A carcinoma that arises from the hepatocytes or intrahepatic bile ducts. The main subtypes are hepatocellular carcinoma (hepatoma) and cholangiocarcinoma.
Comprehensive, easy-to-understand information about this condition
How we create this content →The documentation surrounding carcinoma of the liver and intrahepatic biliary tract is limited due to the complexity and rarity of the condition. With fewer systematic studies conducted, especially in specific genetic contexts, our understanding remains incomplete. This condition affects a relatively small population, making extensive clinical characterization challenging. Ongoing research aims to fill these gaps and improve patient outcomes.
To navigate your care effectively, seek a specialist in hepatology or an oncologist with expertise in liver cancers. Engaging with a genetic counselor may also be beneficial, especially considering the known genetic factors associated with this condition. While no specific patient organizations are identified, resources like the Genetic and Rare Diseases Information Center (GARD) at rarediseases.info.nih.gov can provide valuable information and support. Additionally, consider participating in clinical trials to contribute to research and potentially access new treatments.
There are currently several orphan drugs under development for carcinoma of the liver and intrahepatic biliary tract, including 3-bromopyruvate and monoclonal antibodies targeting CD36. Additionally, there are 13 active clinical trials exploring various treatment options. For more information on these trials, you can visit ClinicalTrials.gov at https://clinicaltrials.gov/search?cond=carcinoma%20of%20liver%20and%20intrahepatic%20biliary%20tract. This ongoing research represents hope for new therapeutic strategies.

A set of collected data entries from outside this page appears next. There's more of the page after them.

(* Consider an arbitrary sequence of instances $\{\mathcal{I}_N\}$ of the binary voting game and an arbitrary sequence of strategy profiles $\{\Sigma_N\}_{N\ge1}$ ($\Sigma_N$ a profile in $\mathcal{I}_N$), and let $f^N$ be the excess expected vote share of $\Sigma_N$. (i) If $\liminf_{N\to\infty}\sqrt N f^N=+\infty$, then $\lim_{N\to\infty}A(\Sigma_N)=1$. (ii) If $\liminf_{N\to\infty}\sqrt N f^N<0$ (including $-\infty$), then $A(\Sigma_N)$ does not converge to $1$. (iii) If $0\le\liminf_{N\to\infty}\sqrt N f^N<+\infty$ and there is a constant $\psi>0$ such that $\mathrm{Var}\big(\sum_{n=1}^N X_n^N\mid W=w\big)\ge\psi N$ for every $N$ and every state $w\in\{L,H\}$, then $A(\Sigma_N)$ does not converge to $1$.
   Context: Binary voting game. An instance has $N$ agents each voting for $\mathbf{A}$ or $\mathbf{R}$. Unobserved world state $W\in\{L,H\}$ with common prior $P_L,P_H>0$. Conditional on $W$, each agent independently receives a signal $S_n\in\{l,h\}$ with $P_{sw}=\Pr[S_n=s\mid W=w]$, $P_{hH}>P_{hL}$, $P_{lH}<P_{lL}$. With threshold $\mu\in(0,1)$, $\mathbf{A}$ wins iff at least $\mu N$ agents vote $\mathbf{A}$, else $\mathbf{R}$ wins. Agent $n$ has utility $v_n:\{L,H\}\times\{\mathbf{A},\mathbf{R}\}\to\{0,\dots,B\}$ with $v_n(H,\mathbf{A})>v_n(L,\mathbf{A})$, $v_n(H,\mathbf{R})<v_n(L,\mathbf{R})$; agents are friendly, unfriendly or contingent, with counts $\lfloor\alpha_F N\rfloor$, $\lfloor\alpha_U N\rfloor$ and the rest, for fixed $\alpha_F,\alpha_U,\alpha_C\ge0$ summing to 1, $\alpha_F<\mu$, $\alpha_U<1-\mu$; the informed majority decision is $\mathbf{A}$ in $H$ and $\mathbf{R}$ in $L$. A sequence of instances $\{\mathcal{I}_N\}$: $\mathcal{I}_N$ has $N$ agents; all share $\mu$, prior, signal distribution, $\alpha$'s; utilities arbitrary. Strategy $\sigma=(\beta_l,\beta_h)$, $\beta_s$ = probability of voting $\mathbf{A}$ on signal $s$; profile $\Sigma=(\sigma_1,\dots,\sigma_N)$. Fidelity $A(\Sigma)=P_L\lambda^{\mathbf{R}}_L(\Sigma)+P_H\lambda^{\mathbf{A}}_H(\Sigma)$, where $\lambda^{\mathbf{X}}_w(\Sigma)$ is the ex-ante probability that $\mathbf{X}$ wins in state $w$. For the profile $\Sigma_N$, let $X_n^N=1$ if agent $n$ votes $\mathbf{A}$ and $0$ otherwise. Excess expected vote share: $f^N_H=\frac1N\sum_{n=1}^N E[X_n^N\mid W=H]-\mu$, $f^N_L=\frac1N\sum_{n=1}^N E[1-X_n^N\mid W=L]-(1-\mu)$, and $f^N=\min(f^N_H,f^N_L)$. *)

theory Defs
  imports "HOL-Probability.Probability"
begin

datatype world = L | H

text \<open>A strategy is a pair (beta_l, beta_h) of probabilities of voting A after
 signal l resp. h. Ph w = Pr[S = h | W = w], so Pr[S = l | W = w] = 1 - Ph w.
 Votes are encoded as booleans: True = vote A.\<close>

definition vote_pmf :: "(world \<Rightarrow> real) \<Rightarrow> world \<Rightarrow> real \<times> real \<Rightarrow> bool pmf" where
  "vote_pmf Ph w \<sigma> = bind_pmf (bernoulli_pmf (Ph w))
      (\<lambda>s. bernoulli_pmf (if s then snd \<sigma> else fst \<sigma>))"

definition profile_pmf :: "(world \<Rightarrow> real) \<Rightarrow> world \<Rightarrow> nat \<Rightarrow> (nat \<Rightarrow> real \<times> real) \<Rightarrow> (nat \<Rightarrow> bool) pmf" where
  "profile_pmf Ph w N \<Sigma> = Pi_pmf {..<N} False (\<lambda>n. vote_pmf Ph w (\<Sigma> n))"

definition votesA :: "nat \<Rightarrow> (nat \<Rightarrow> bool) \<Rightarrow> nat" where
  "votesA N x = card {n \<in> {..<N}. x n}"

definition lamA :: "(world \<Rightarrow> real) \<Rightarrow> real \<Rightarrow> world \<Rightarrow> nat \<Rightarrow> (nat \<Rightarrow> real \<times> real) \<Rightarrow> real" where
  "lamA Ph \<mu> w N \<Sigma> = measure_pmf.prob (profile_pmf Ph w N \<Sigma>) {x. real (votesA N x) \<ge> \<mu> * real N}"

definition lamR :: "(world \<Rightarrow> real) \<Rightarrow> real \<Rightarrow> world \<Rightarrow> nat \<Rightarrow> (nat \<Rightarrow> real \<times> real) \<Rightarrow> real" where
  "lamR Ph \<mu> w N \<Sigma> = measure_pmf.prob (profile_pmf Ph w N \<Sigma>) {x. real (votesA N x) < \<mu> * real N}"

definition fidelity :: "(world \<Rightarrow> real) \<Rightarrow> (world \<Rightarrow> real) \<Rightarrow> real \<Rightarrow> nat \<Rightarrow> (nat \<Rightarrow> real \<times> real) \<Rightarrow> real" where
  "fidelity prior Ph \<mu> N \<Sigma> = prior L * lamR Ph \<mu> L N \<Sigma> + prior H * lamA Ph \<mu> H N \<Sigma>"

definition excess_H :: "(world \<Rightarrow> real) \<Rightarrow> real \<Rightarrow> nat \<Rightarrow> (nat \<Rightarrow> real \<times> real) \<Rightarrow> real" where
  "excess_H Ph \<mu> N \<Sigma> = (\<Sum>n<N. measure_pmf.prob (vote_pmf Ph H (\<Sigma> n)) {True}) / real N - \<mu>"

definition excess_L :: "(world \<Rightarrow> real) \<Rightarrow> real \<Rightarrow> nat \<Rightarrow> (nat \<Rightarrow> real \<times> real) \<Rightarrow> real" where
  "excess_L Ph \<mu> N \<Sigma> = (\<Sum>n<N. measure_pmf.prob (vote_pmf Ph L (\<Sigma> n)) {False}) / real N - (1 - \<mu>)"

definition excess :: "(world \<Rightarrow> real) \<Rightarrow> real \<Rightarrow> nat \<Rightarrow> (nat \<Rightarrow> real \<times> real) \<Rightarrow> real" where
  "excess Ph \<mu> N \<Sigma> = min (excess_H Ph \<mu> N \<Sigma>) (excess_L Ph \<mu> N \<Sigma>)"

definition vote_var :: "(world \<Rightarrow> real) \<Rightarrow> world \<Rightarrow> nat \<Rightarrow> (nat \<Rightarrow> real \<times> real) \<Rightarrow> real" where
  "vote_var Ph w N \<Sigma> = measure_pmf.variance (profile_pmf Ph w N \<Sigma>) (\<lambda>x. real (votesA N x))"

end

theory Submission
  imports Defs
begin

(* Given the state, the number S of A-votes is a sum of independent Bernoulli variables with
   mean m and variance V <= N/4, and the fidelity is one minus the prior-weighted error
   probabilities P_L(S >= mu N) and P_H(S < mu N); sqrt N f^N measures, in units of sqrt N,
   how far the means lie on the correct side of the threshold mu N.
   (i) Hoeffding's inequality bounds both error probabilities by exp(-2 (sqrt N f^N)^2).
   (ii) If sqrt N f^N <= -c infinitely often, then in one state the mean lies c sqrt N on the
   wrong side, and Hoeffding bounds the probability of deciding correctly by exp(-2 c^2) < 1.
   (iii) If sqrt N f^N < K infinitely often and V >= psi N, anti-concentration shows that S
   falls K sqrt N below (or above) its mean with probability at least exp(-beta^2)/4: apply
   the Paley-Zygmund inequality to the exponential tilt exp(t (S - m)) with t = +-beta/sqrt N,
   whose first two moments are controlled by two-sided bounds on the Bernoulli moment
   generating function. *)

lemma expectation_Pi_pmf_component:
  fixes f :: "'a \<Rightarrow> real"
  assumes "finite A" "i \<in> A"
  shows "measure_pmf.expectation (Pi_pmf A d p) (\<lambda>x. f (x i)) = measure_pmf.expectation (p i) f"
  using integral_map_pmf[of "\<lambda>x. x i" "Pi_pmf A d p" f] assms by (simp add: Pi_pmf_component)

lemma integrable_Pi_pmf_component:
  fixes f :: "'a \<Rightarrow> real"
  assumes "finite A" "i \<in> A" "integrable (measure_pmf (p i)) f"
  shows "integrable (measure_pmf (Pi_pmf A d p)) (\<lambda>x. f (x i))"
  using assms integrable_map_pmf_eq[of "\<lambda>x. x i" "Pi_pmf A d p" f] by (simp add: Pi_pmf_component)

lemma indep_vars_Pi_pmf_compose:
  assumes "finite A" "J \<subseteq> A"
  shows "prob_space.indep_vars (Pi_pmf A d p) (\<lambda>_. borel) (\<lambda>i x. f i (x i) :: real) J"
  by (intro prob_space.indep_vars_compose2[OF _ prob_space.indep_vars_subset[OF _ indep_vars_Pi_pmf]])
     (use assms in \<open>auto simp: measure_pmf.prob_space_axioms\<close>)

lemma expectation_prod_Pi_pmf_subset:
  fixes f :: "'i \<Rightarrow> 'a \<Rightarrow> real"
  assumes "finite A" "J \<subseteq> A" "\<And>i. i \<in> J \<Longrightarrow> integrable (measure_pmf (p i)) (f i)"
  shows "measure_pmf.expectation (Pi_pmf A d p) (\<lambda>x. \<Prod>i\<in>J. f i (x i))
       = (\<Prod>i\<in>J. measure_pmf.expectation (p i) (f i))"
  using assms finite_subset[OF assms(2,1)]
  by (subst prob_space.indep_vars_lebesgue_integral[OF measure_pmf.prob_space_axioms])
     (auto intro!: prod.cong expectation_Pi_pmf_component integrable_Pi_pmf_component
        indep_vars_Pi_pmf_compose)

lemma expectation_bool_pmf:
  "measure_pmf.expectation q f = pmf q True * f True + (1 - pmf q True) * (f False :: real)"
  by (subst integral_measure_pmf_real[where A=UNIV]) (auto simp: UNIV_bool pmf_False_conv_True)

lemma Maclaurin_exp_le_exp:
  assumes "even n"
  shows "(\<Sum>m<n. u ^ m / fact m) \<le> exp (u :: real)"
proof -
  obtain t where "exp u = (\<Sum>m<n. u ^ m / fact m) + exp t / fact n * u ^ n"
    using Maclaurin_exp_le[of u n] by blast
  moreover have "0 \<le> u ^ n" using assms by (rule zero_le_even_power)
  ultimately show ?thesis by simp
qed

lemma exp_le_Maclaurin_exp:
  assumes "odd n" "u \<le> 0"
  shows "exp (u :: real) \<le> (\<Sum>m<n. u ^ m / fact m)"
proof -
  obtain t where "exp u = (\<Sum>m<n. u ^ m / fact m) + exp t / fact n * u ^ n"
    using Maclaurin_exp_le[of u n] by blast
  moreover have "u ^ n \<le> 0" using assms by (auto simp: power_le_zero_eq odd_pos)
  ultimately show ?thesis by (simp add: mult_nonneg_nonpos divide_nonpos_pos)
qed

lemma exp_le_quadratic:
  assumes "\<bar>u\<bar> \<le> 1"
  shows "exp (u :: real) \<le> 1 + u + u\<^sup>2"
proof (cases "0 \<le> u")
  case True
  then show ?thesis using exp_bound[of u] assms by simp
next
  case False
  then have "exp u \<le> (\<Sum>m<3. u ^ m / fact m)" by (intro exp_le_Maclaurin_exp) auto
  also have "\<dots> = 1 + u + u\<^sup>2 / 2" by (simp add: eval_nat_numeral)
  finally show ?thesis using zero_le_power2[of u] by linarith
qed

definition centered_bernoulli_mgf :: "real \<Rightarrow> real \<Rightarrow> real" where
  "centered_bernoulli_mgf q t = q * exp (t * (1 - q)) + (1 - q) * exp (- t * q)"

lemma centered_bernoulli_mgf_le:
  assumes "0 \<le> q" "q \<le> 1" "\<bar>t\<bar> \<le> 1"
  shows "centered_bernoulli_mgf q t \<le> exp (t\<^sup>2 * (q * (1 - q)))"
proof -
  have "\<bar>t * (1 - q)\<bar> \<le> 1" "\<bar>- t * q\<bar> \<le> 1"
    using assms by (simp_all add: abs_mult mult_le_one)
  then have "centered_bernoulli_mgf q t
      \<le> q * (1 + t * (1 - q) + (t * (1 - q))\<^sup>2) + (1 - q) * (1 + - t * q + (- t * q)\<^sup>2)"
    unfolding centered_bernoulli_mgf_def using assms
    by (intro add_mono mult_left_mono exp_le_quadratic) auto
  also have "\<dots> = 1 + t\<^sup>2 * (q * (1 - q))" by (simp add: power2_eq_square algebra_simps)
  also have "\<dots> \<le> exp (t\<^sup>2 * (q * (1 - q)))" by (rule exp_ge_add_one_self)
  finally show ?thesis .
qed
(* Let $B>4$ and $U\ge1$ be integers, let $N_0\ge 0$ and $E_s>0$, and let $\mathbf{H}\in\mathbb{C}^{B\times U}$ have i.i.d.\ circularly symmetric complex Gaussian entries with zero mean and unit variance. Let $\mathbf{A}=\mathbf{H}^H\mathbf{H}+N_0E_s^{-1}\mathbf{I}_U$, let $\mathbf{D}$ be the diagonal matrix with the same diagonal as $\mathbf{A}$, and let $\mathbf{E}=\mathbf{A}-\mathbf{D}$. Then \[ \mathbb{E}\left[\|\mathbf{D}^{-1}\mathbf{E}\|_F^2\right]\le (U^2-U)\sqrt{\frac{2B(B+1)}{(B-1)(B-2)(B-3)(B-4)}}. \]
   Context: $\|\cdot\|_F$ denotes the Frobenius norm and $\mathbf{H}^H$ the conjugate transpose. *)

theory Defs
  imports "HOL-Probability.Probability"
begin

text \<open>Matrices are represented as functions nat => nat => complex, with the
  dimensions carried explicitly (entries outside the index range are irrelevant).\<close>

text \<open>Sample space for the channel matrix: one real coordinate for the real part
  (flag False) and one for the imaginary part (flag True) of each entry (b,u),
  b < B, u < U.  All coordinates are i.i.d. N(0,1/2), so each entry
  H b u = Re + i Im is circularly symmetric complex Gaussian, mean 0, variance 1,
  and the entries are i.i.d.\<close>
definition gauss_space :: "nat \<Rightarrow> nat \<Rightarrow> (nat \<times> nat \<times> bool \<Rightarrow> real) measure" where
  "gauss_space B U =
     PiM ({..<B} \<times> {..<U} \<times> UNIV) (\<lambda>_. density lborel (normal_density 0 (sqrt (1/2))))"

definition chan :: "(nat \<times> nat \<times> bool \<Rightarrow> real) \<Rightarrow> nat \<Rightarrow> nat \<Rightarrow> complex" where
  "chan \<omega> b u = Complex (\<omega> (b, u, False)) (\<omega> (b, u, True))"

definition Amat :: "nat \<Rightarrow> real \<Rightarrow> real \<Rightarrow> (nat \<Rightarrow> nat \<Rightarrow> complex) \<Rightarrow> nat \<Rightarrow> nat \<Rightarrow> complex" where
  "Amat B N0 Es H i j = (\<Sum>b<B. cnj (H b i) * H b j) + (if i = j then complex_of_real (N0 / Es) else 0)"

definition diag_part :: "(nat \<Rightarrow> nat \<Rightarrow> complex) \<Rightarrow> nat \<Rightarrow> nat \<Rightarrow> complex" where
  "diag_part M i j = (if i = j then M i i else 0)"

definition offdiag_part :: "(nat \<Rightarrow> nat \<Rightarrow> complex) \<Rightarrow> nat \<Rightarrow> nat \<Rightarrow> complex" where
  "offdiag_part M i j = M i j - diag_part M i j"

definition diag_inv :: "(nat \<Rightarrow> nat \<Rightarrow> complex) \<Rightarrow> nat \<Rightarrow> nat \<Rightarrow> complex" where
  "diag_inv D i j = (if i = j then inverse (D i i) else 0)"

definition mat_mul :: "nat \<Rightarrow> (nat \<Rightarrow> nat \<Rightarrow> complex) \<Rightarrow> (nat \<Rightarrow> nat \<Rightarrow> complex) \<Rightarrow> nat \<Rightarrow> nat \<Rightarrow> complex" where
  "mat_mul n M N i j = (\<Sum>k<n. M i k * N k j)"

definition frob_sq :: "nat \<Rightarrow> nat \<Rightarrow> (nat \<Rightarrow> nat \<Rightarrow> complex) \<Rightarrow> real" where
  "frob_sq m n M = (\<Sum>i<m. \<Sum>j<n. (cmod (M i j))\<^sup>2)"

end

theory Submission
  imports Defs
begin

(* Write h_i for column i of H, S_i = |h_i|^2 for its energy and c = N0/Es >= 0.  The matrix
   D^-1 E vanishes on the diagonal and has entry A_ij / (S_i + c) off it, so its squared
   modulus is at most the "coupling" |h_i^H h_j|^2 / S_i^2.  Conditionally on h_i, the real and
   imaginary parts of h_i^H h_j are linear forms in the independent N(0,1/2) coordinates of h_j,
   each with squared weight norm S_i; hence the conditional mean of the coupling is exactly 1/S_i.
   S_i is a sum of 2B squares of N(0,1/2) variables, and writing 1/S = int_0^oo exp(-tS) dt
   together with E exp(-tZ^2) = (1+t)^(-1/2) gives E[1/S_i] <= int_0^oo (1+t)^(-B) dt = 1/(B-1).
   Summing over the U^2 - U off-diagonal pairs yields (U^2 - U)/(B-1), which for B > 4 lies
   below the stated bound. *)

definition gauss_half :: "real measure" where
  "gauss_half = density lborel (normal_density 0 (sqrt (1/2)))"

lemma prob_space_gauss_half: "prob_space gauss_half"
  unfolding gauss_half_def using prob_space_normal_density[of "sqrt (1/2)" 0] by simp

lemma sets_gauss_half [simp, measurable_cong]: "sets gauss_half = sets borel"
  unfolding gauss_half_def by simp

lemma space_gauss_half [simp]: "space gauss_half = UNIV"
  unfolding gauss_half_def by simp

lemma nn_integral_gauss_half:
  "(\<integral>\<^sup>+z. f z \<partial>gauss_half) = (\<integral>\<^sup>+z. ennreal (normal_density 0 (sqrt (1/2)) z) * f z \<partial>lborel)"
  if "f \<in> borel_measurable borel"
  unfolding gauss_half_def using that by (simp add: nn_integral_density)

lemma gauss_half_affine_sq:
  "(\<integral>\<^sup>+z. ennreal ((c + w * z)\<^sup>2) \<partial>gauss_half) = ennreal (c\<^sup>2 + w\<^sup>2 / 2)"
proof -
  let ?\<phi> = "normal_density 0 (sqrt (1/2))"
  have \<sigma>: "0 < sqrt (1/2::real)" by simp
  have m0: "has_bochner_integral lborel ?\<phi> 1"
    using normal_moment_even[OF \<sigma>, of 0 0] by simp
  have m1: "has_bochner_integral lborel (\<lambda>z. ?\<phi> z * z) 0"
    using normal_moment_odd[OF \<sigma>, of 0 0] by simp
  have m2: "has_bochner_integral lborel (\<lambda>z. ?\<phi> z * z\<^sup>2) (1/2)"
    using normal_moment_even[OF \<sigma>, of 0 1] by simp
  have "has_bochner_integral lborel (\<lambda>z. c\<^sup>2 * ?\<phi> z + (2*c*w) * (?\<phi> z * z) + w\<^sup>2 * (?\<phi> z * z\<^sup>2))
          (c\<^sup>2 * 1 + (2*c*w) * 0 + w\<^sup>2 * (1/2))"
    by (intro has_bochner_integral_add has_bochner_integral_mult_right m0 m1 m2)
  then have "has_bochner_integral lborel (\<lambda>z. ?\<phi> z * (c + w * z)\<^sup>2) (c\<^sup>2 + w\<^sup>2 / 2)"
    by (rule has_bochner_integral_cong[THEN iffD1, rotated -1]) (auto simp: power2_eq_square algebra_simps)
  then show ?thesis
    by (simp add: nn_integral_gauss_half ennreal_mult[symmetric] nn_integral_eq_integral
        has_bochner_integral_integral_eq integrable.intros)
qed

Actionable guidance for navigating care for carcinoma of liver and intrahepatic biliary tract
To navigate your care effectively, seek a specialist in hepatology or an oncologist with expertise in liver cancers. Engaging with a genetic counselor may also be beneficial, especially considering the known genetic factors associated with this condition. While no specific patient organizations are identified, resources like the Genetic and Rare Diseases Information Center (GARD) at rarediseases.info.nih.gov can provide valuable information and support. Additionally, consider participating in clinical trials to contribute to research and potentially access new treatments.
Consider asking your healthcare providers these condition-specific questions
Helpful links for rare disease information and support
Research studies investigating treatments and therapies for this condition.
Active Trials
Total Trials
Data from ClinicalTrials.gov Jan 30, 2026
Consider asking your healthcare providers these condition-specific questions
European rare disease database
Genetic and Rare Diseases Info Center
AI-Generated Content: This summary was generated using AI. Content has been fact-checked. Always consult with qualified healthcare providers for medical guidance.
Kisho delivers this disease record via API, including phenotypes (HPO), genes, orphan drug designations, screening status, and PAG mapping, with version history and governance.